(* Let $n\ge 2$ and let $\mathbb{H}^n=\mathbb{R}^+\times\mathbb{R}^{n-1}=\{(t,x)\}$ be the hyperbolic upper-half space with metric $ds^2=\frac{1}{t^2}(dt^2+dx_1^2+\dots+dx_{n-1}^2)$. Let $h:\mathbb{R}^{n-1}\to\mathbb{C}$ be a non-constant function harmonic with respect to the Euclidean metric on $\mathbb{R}^{n-1}$, let $r\ge 1$ be an integer, and let $p_r:\mathbb{R}^+\to\mathbb{C}$ be given by $p_r(t)=(a_r+b_r t^{n-1})\cdot\log(t)^{r-1}$, where $(a_r,b_r)\in\mathbb{C}^2$ is non-zero. Then the function $f_r:\mathbb{H}^n\to\mathbb{C}$, $f_r(t,x)=p_r(t)\cdot h(x)$, is proper $r$-harmonic on $\mathbb{H}^n$.
   Context: For a Riemannian manifold $(M,g)$ the Laplace–Beltrami operator (tension field) acts on complex-valued functions by $\tau(f)=\sum_{i,j}\frac{1}{\sqrt{|g|}}\frac{\partial}{\partial x_j}\bigl(g^{ij}\sqrt{|g|}\frac{\partial f}{\partial x_i}\bigr)$; on $\mathbb{H}^n$ this is $\tau(f)=t^2\sum_{k=1}^{n-1}\frac{\partial^2 f}{\partial x_k^2}+t^2\frac{\partial^2 f}{\partial t^2}-(n-2)t\frac{\partial f}{\partial t}$. Iterates: $\tau^0(f)=f$, $\tau^r(f)=\tau(\tau^{r-1}(f))$. A function $f$ is $r$-harmonic if $\tau^r(f)=0$, and proper $r$-harmonic if moreover $\tau^{r-1}(f)$ does not vanish identically. *)

theory Defs
  imports "HOL-Analysis.Analysis"
begin

text \<open>Points of H^n are pairs (t,x) with t > 0 and x in R^(n-1); the coordinate space
  R^(n-1) is modelled as real^'m, so n = CARD('m) + 1 (hence n >= 2 automatically).
  Functions on H^n are represented as curried functions real => real^'m => complex;
  only their values at t > 0 matter.\<close>

definition dt1 :: "(real \<Rightarrow> real^'m \<Rightarrow> complex) \<Rightarrow> real \<Rightarrow> real^'m \<Rightarrow> complex" where
  "dt1 f t x = vector_derivative (\<lambda>s. f s x) (at t)"

definition dt2 :: "(real \<Rightarrow> real^'m \<Rightarrow> complex) \<Rightarrow> real \<Rightarrow> real^'m \<Rightarrow> complex" where
  "dt2 f t x = vector_derivative (\<lambda>s. vector_derivative (\<lambda>u. f u x) (at s)) (at t)"

definition dx2 :: "'m::finite \<Rightarrow> (real^'m \<Rightarrow> complex) \<Rightarrow> real^'m \<Rightarrow> complex" where
  "dx2 k g x = vector_derivative
      (\<lambda>u. vector_derivative (\<lambda>v. g (x + v *\<^sub>R axis k 1)) (at u)) (at 0)"

definition eucl_laplacian :: "(real^'m::finite \<Rightarrow> complex) \<Rightarrow> real^'m \<Rightarrow> complex" where
  "eucl_laplacian g x = (\<Sum>k\<in>UNIV. dx2 k g x)"

definition C2 :: "(real^'m::finite \<Rightarrow> complex) \<Rightarrow> bool" where
  "C2 g \<longleftrightarrow> (\<exists>D1 D2. (\<forall>x. (g has_derivative D1 x) (at x)) \<and>
      (\<forall>x v. ((\<lambda>y. D1 y v) has_derivative D2 x v) (at x)) \<and>
      (\<forall>v w. continuous_on UNIV (\<lambda>x. D2 x v w)))"

definition eucl_harmonic :: "(real^'m::finite \<Rightarrow> complex) \<Rightarrow> bool" where
  "eucl_harmonic g \<longleftrightarrow> C2 g \<and> (\<forall>x. eucl_laplacian g x = 0)"

definition tension :: "(real \<Rightarrow> real^'m::finite \<Rightarrow> complex) \<Rightarrow> real \<Rightarrow> real^'m \<Rightarrow> complex" where
  "tension f t x =
     complex_of_real (t^2) * (\<Sum>k\<in>UNIV. dx2 k (f t) x)
     + complex_of_real (t^2) * dt2 f t x
     - complex_of_real ((real CARD('m) + 1 - 2) * t) * dt1 f t x"

definition r_harmonic :: "nat \<Rightarrow> (real \<Rightarrow> real^'m::finite \<Rightarrow> complex) \<Rightarrow> bool" where
  "r_harmonic r f \<longleftrightarrow> (\<forall>t>0. \<forall>x. (tension ^^ r) f t x = 0)"

definition proper_r_harmonic :: "nat \<Rightarrow> (real \<Rightarrow> real^'m::finite \<Rightarrow> complex) \<Rightarrow> bool" where
  "proper_r_harmonic r f \<longleftrightarrow> r_harmonic r f \<and>
     (\<exists>t>0. \<exists>x. (tension ^^ (r - 1)) f t x \<noteq> 0)"

end

theory Submission
  imports Defs "HOL-Computational_Algebra.Polynomial"
begin

text \<open>With s = ln t and D = t d/dt, the tension field of p(t) h(x), for h harmonic, is
  ((D^2 - (n - 1) D) p)(t) h(x). On profiles p(t) = A(ln t) + t^(n-1) B(ln t) with polynomials
  A and B this acts by A \<mapsto> A'' - (n - 1) A' and B \<mapsto> B'' + (n - 1) B', both of which lower
  the degree by exactly one. Starting from A = a s^(r-1) and B = b s^(r-1), the (r-1)-st iterate
  leaves constants c and d, non-zero multiples of a and b, so tau^(r-1) f = (c + d t^(n-1)) h
  does not vanish identically, while the r-th iterate vanishes.\<close>

definition radial_op :: "complex \<Rightarrow> complex poly \<Rightarrow> complex poly" where
  "radial_op c A = pderiv (pderiv A) + smult c (pderiv A)"

lemma radial_op_const [simp]: "radial_op c [:z:] = 0"
  by (simp add: radial_op_def pderiv_pCons)

lemma degree_radial_op_le:
  assumes "degree A \<le> Suc d"
  shows "degree (radial_op c A) \<le> d"
proof -
  have "degree (pderiv (pderiv A)) \<le> d" "degree (smult c (pderiv A)) \<le> d"
    using assms degree_smult_le[of c "pderiv A"] by (simp_all add: degree_pderiv)
  then show ?thesis
    unfolding radial_op_def by (metis degree_add_le)
qed

lemma coeff_radial_op_top:
  assumes "degree A \<le> Suc d"
  shows "coeff (radial_op c A) d = c * of_nat (Suc d) * coeff A (Suc d)"
proof -
  have "coeff A (Suc (Suc d)) = 0"
    using assms by (intro coeff_eq_0) auto
  then show ?thesis
    by (simp add: radial_op_def coeff_pderiv)
qed

lemma radial_op_funpow:
  "degree A \<le> d \<Longrightarrow> (radial_op c ^^ d) A = [:coeff A d * c ^ d * fact d:]"
proof (induction d arbitrary: A)
  case 0
  then show ?case using degree_0_id[of A] by simp
next
  case (Suc d)
  have "(radial_op c ^^ Suc d) A = (radial_op c ^^ d) (radial_op c A)"
    by (simp add: funpow_Suc_right del: funpow.simps)
  also have "\<dots> = [:coeff (radial_op c A) d * c ^ d * fact d:]"
    using Suc.IH[OF degree_radial_op_le[OF Suc.prems]] .
  also have "\<dots> = [:coeff A (Suc d) * c ^ Suc d * fact (Suc d):]"
    by (simp add: coeff_radial_op_top[OF Suc.prems] fact_Suc algebra_simps)
  finally show ?case .
qed

lemma radial_op_funpow_Suc_eq_0:
  "degree A \<le> d \<Longrightarrow> (radial_op c ^^ Suc d) A = 0"
  by (simp add: radial_op_funpow)

definition radial_profile :: "nat \<Rightarrow> complex poly \<Rightarrow> complex poly \<Rightarrow> real \<Rightarrow> complex" where
  "radial_profile m A B t = poly A (of_real (ln t)) + of_real (t ^ m) * poly B (of_real (ln t))"

lemma radial_profile_0 [simp]: "radial_profile m 0 0 t = 0"
  by (simp add: radial_profile_def)

lemma radial_profile_const [simp]:
  "radial_profile m [:c:] [:d:] t = c + of_real (t ^ m) * d"
  by (simp add: radial_profile_def)

text \<open>The polynomial part of the derivative of s \<mapsto> e^(m s) B(s).\<close>
definition shift_pderiv :: "nat \<Rightarrow> complex poly \<Rightarrow> complex poly" where
  "shift_pderiv m B = pderiv B + smult (of_nat m) B"

lemma radial_profile_shift_pderiv_radial_op:
  "radial_profile m (pderiv (pderiv A)) (shift_pderiv m (shift_pderiv m B)) t
     - of_nat m * radial_profile m (pderiv A) (shift_pderiv m B) t
   = radial_profile m (radial_op (- of_nat m) A) (radial_op (of_nat m) B) t"
  by (simp add: radial_profile_def shift_pderiv_def radial_op_def pderiv_add pderiv_smult
      algebra_simps)

lemma has_vector_derivative_radial_profile:
  assumes "t > 0"
  shows "(radial_profile m A B has_vector_derivative
           radial_profile m (pderiv A) (shift_pderiv m B) t / of_real t) (at t)"
proof -
  have ln: "((\<lambda>s. complex_of_real (ln s)) has_vector_derivative of_real (inverse t)) (at t)"
    by (intro has_vector_derivative_of_real DERIV_ln assms)
  have poly_ln: "((\<lambda>s. poly P (of_real (ln s))) has_vector_derivative
      of_real (inverse t) * poly (pderiv P) (of_real (ln t))) (at t)" for P :: "complex poly"
    using field_vector_diff_chain_at[OF ln poly_DERIV, of P] by (simp add: o_def)
  have pow: "((\<lambda>s. complex_of_real (s ^ m)) has_vector_derivative
      of_real (of_nat m * t ^ (m - Suc 0))) (at t)"
    by (intro has_vector_derivative_of_real DERIV_pow)
  have "(radial_profile m A B has_vector_derivative
      of_real (inverse t) * poly (pderiv A) (of_real (ln t)) +
      (of_real (t ^ m) * (of_real (inverse t) * poly (pderiv B) (of_real (ln t)))
       + of_real (of_nat m * t ^ (m - Suc 0)) * poly B (of_real (ln t)))) (at t)"
    unfolding radial_profile_def[abs_def]
    by (intro has_vector_derivative_add has_vector_derivative_mult poly_ln pow)
  moreover have "of_real (inverse t) * poly (pderiv A) (of_real (ln t)) +
      (of_real (t ^ m) * (of_real (inverse t) * poly (pderiv B) (of_real (ln t)))
       + of_real (of_nat m * t ^ (m - Suc 0)) * poly B (of_real (ln t)))
    = radial_profile m (pderiv A) (shift_pderiv m B) t / of_real t"
    using assms by (cases m) (auto simp: radial_profile_def shift_pderiv_def field_simps)
  ultimately show ?thesis by simp
qed

lemma has_vector_derivative_radial_profile_div:
  assumes "t > 0"
  shows "((\<lambda>s. radial_profile m A B s / of_real s) has_vector_derivative
           (radial_profile m (pderiv A) (shift_pderiv m B) t - radial_profile m A B t)
             / of_real (t ^ 2)) (at t)"
proof -
  define P where "P = radial_profile m A B"
  define P1 where "P1 = radial_profile m (pderiv A) (shift_pderiv m B)"
  have inv: "((\<lambda>s. complex_of_real (inverse s)) has_vector_derivative
      of_real (- (inverse t ^ Suc (Suc 0)))) (at t)"
    using assms by (intro has_vector_derivative_of_real DERIV_inverse) auto
  have "((\<lambda>s. P s * of_real (inverse s)) has_vector_derivative
      P t * of_real (- (inverse t ^ Suc (Suc 0))) + P1 t / of_real t * of_real (inverse t)) (at t)"
    unfolding P_def P1_def
    by (intro has_vector_derivative_mult has_vector_derivative_radial_profile assms inv)
  moreover have "P t * of_real (- (inverse t ^ Suc (Suc 0))) + P1 t / of_real t * of_real (inverse t)
      = (P1 t - P t) / of_real (t ^ 2)"
    using assms by (simp add: field_simps power2_eq_square)
  ultimately show ?thesis
    by (simp add: P_def P1_def divide_inverse)
qed

lemma dx2_eq_second_derivative:
  fixes g :: "real^'m::finite \<Rightarrow> complex"
  assumes d1: "\<And>y. (g has_derivative D1 y) (at y)"
    and d2: "\<And>y v. ((\<lambda>z. D1 z v) has_derivative D2 y v) (at y)"
  shows "dx2 k g x = D2 x (axis k 1) (axis k 1)"
proof -
  let ?e = "axis k (1::real) :: real^'m"
  have line: "((\<lambda>v. x + v *\<^sub>R ?e) has_derivative (\<lambda>w. w *\<^sub>R ?e)) (at u)" for u
    by (auto intro!: derivative_eq_intros)
  have inner: "((\<lambda>v. g (x + v *\<^sub>R ?e)) has_vector_derivative D1 (x + u *\<^sub>R ?e) ?e) (at u)" for u
    using has_derivative_compose[OF line d1] linear_cmul[OF has_derivative_linear[OF d1]]
    by (simp add: has_vector_derivative_def)
  have outer: "((\<lambda>u. D1 (x + u *\<^sub>R ?e) ?e) has_vector_derivative D2 x ?e ?e) (at 0)"
    using has_derivative_compose[OF line[of 0] d2[where y = "x + 0 *\<^sub>R ?e" and v = ?e]]
      linear_cmul[OF has_derivative_linear[OF d2]]
    by (simp add: has_vector_derivative_def)
  show ?thesis
    unfolding dx2_def using vector_derivative_at[OF inner] vector_derivative_at[OF outer] by simp
qed

lemma eucl_laplacian_cmult:
  fixes g :: "real^'m::finite \<Rightarrow> complex"
  assumes "C2 g"
  shows "eucl_laplacian (\<lambda>y. c * g y) x = c * eucl_laplacian g x"
proof -
  from assms obtain D1 D2 where d1: "\<And>y. (g has_derivative D1 y) (at y)"
    and d2: "\<And>y v. ((\<lambda>z. D1 z v) has_derivative D2 y v) (at y)"
    unfolding C2_def by blast
  have cd1: "((\<lambda>y. c * g y) has_derivative (\<lambda>v. c * D1 y v)) (at y)" for y
    using has_derivative_mult_right[OF d1] .
  have cd2: "((\<lambda>z. c * D1 z v) has_derivative (\<lambda>w. c * D2 y v w)) (at y)" for y v
    using has_derivative_mult_right[OF d2] .
  show ?thesis
    unfolding eucl_laplacian_def dx2_eq_second_derivative[OF cd1 cd2]
      dx2_eq_second_derivative[OF d1 d2] by (simp add: sum_distrib_left)
qed

lemma dt1_product:
  assumes G: "\<forall>s>0. \<forall>y. G s y = F s * h y"
    and F: "(F has_vector_derivative F') (at t)" and "t > 0"
  shows "dt1 G t x = F' * h x"
proof -
  have "((\<lambda>s. G s x) has_vector_derivative F' * h x) (at t)"
    by (rule has_vector_derivative_transform_within_open[of "\<lambda>s. F s * h x" _ _ "{0<..}"])
      (use has_vector_derivative_mult_left[OF F] G \<open>t > 0\<close> in auto)
  then show ?thesis
    unfolding dt1_def by (rule vector_derivative_at)
qed

lemma dt2_product:
  assumes G: "\<forall>s>0. \<forall>y. G s y = F s * h y"
    and F: "\<And>s. s > 0 \<Longrightarrow> (F has_vector_derivative F' s) (at s)"
    and F': "(F' has_vector_derivative F'') (at t)" and "t > 0"
  shows "dt2 G t x = F'' * h x"
proof -
  have "((\<lambda>s. dt1 G s x) has_vector_derivative F'' * h x) (at t)"
    by (rule has_vector_derivative_transform_within_open[of "\<lambda>s. F' s * h x" _ _ "{0<..}"])
      (use has_vector_derivative_mult_left[OF F'] dt1_product[OF G F] \<open>t > 0\<close> in auto)
  then show ?thesis
    unfolding dt2_def dt1_def by (rule vector_derivative_at)
qed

_TO DO_
Please copy all lines of the listing in which the string "Defs" occurs.

_ANSWER BOX_
theory Defs
  imports Defs "HOL-Computational_Algebra.Polynomial"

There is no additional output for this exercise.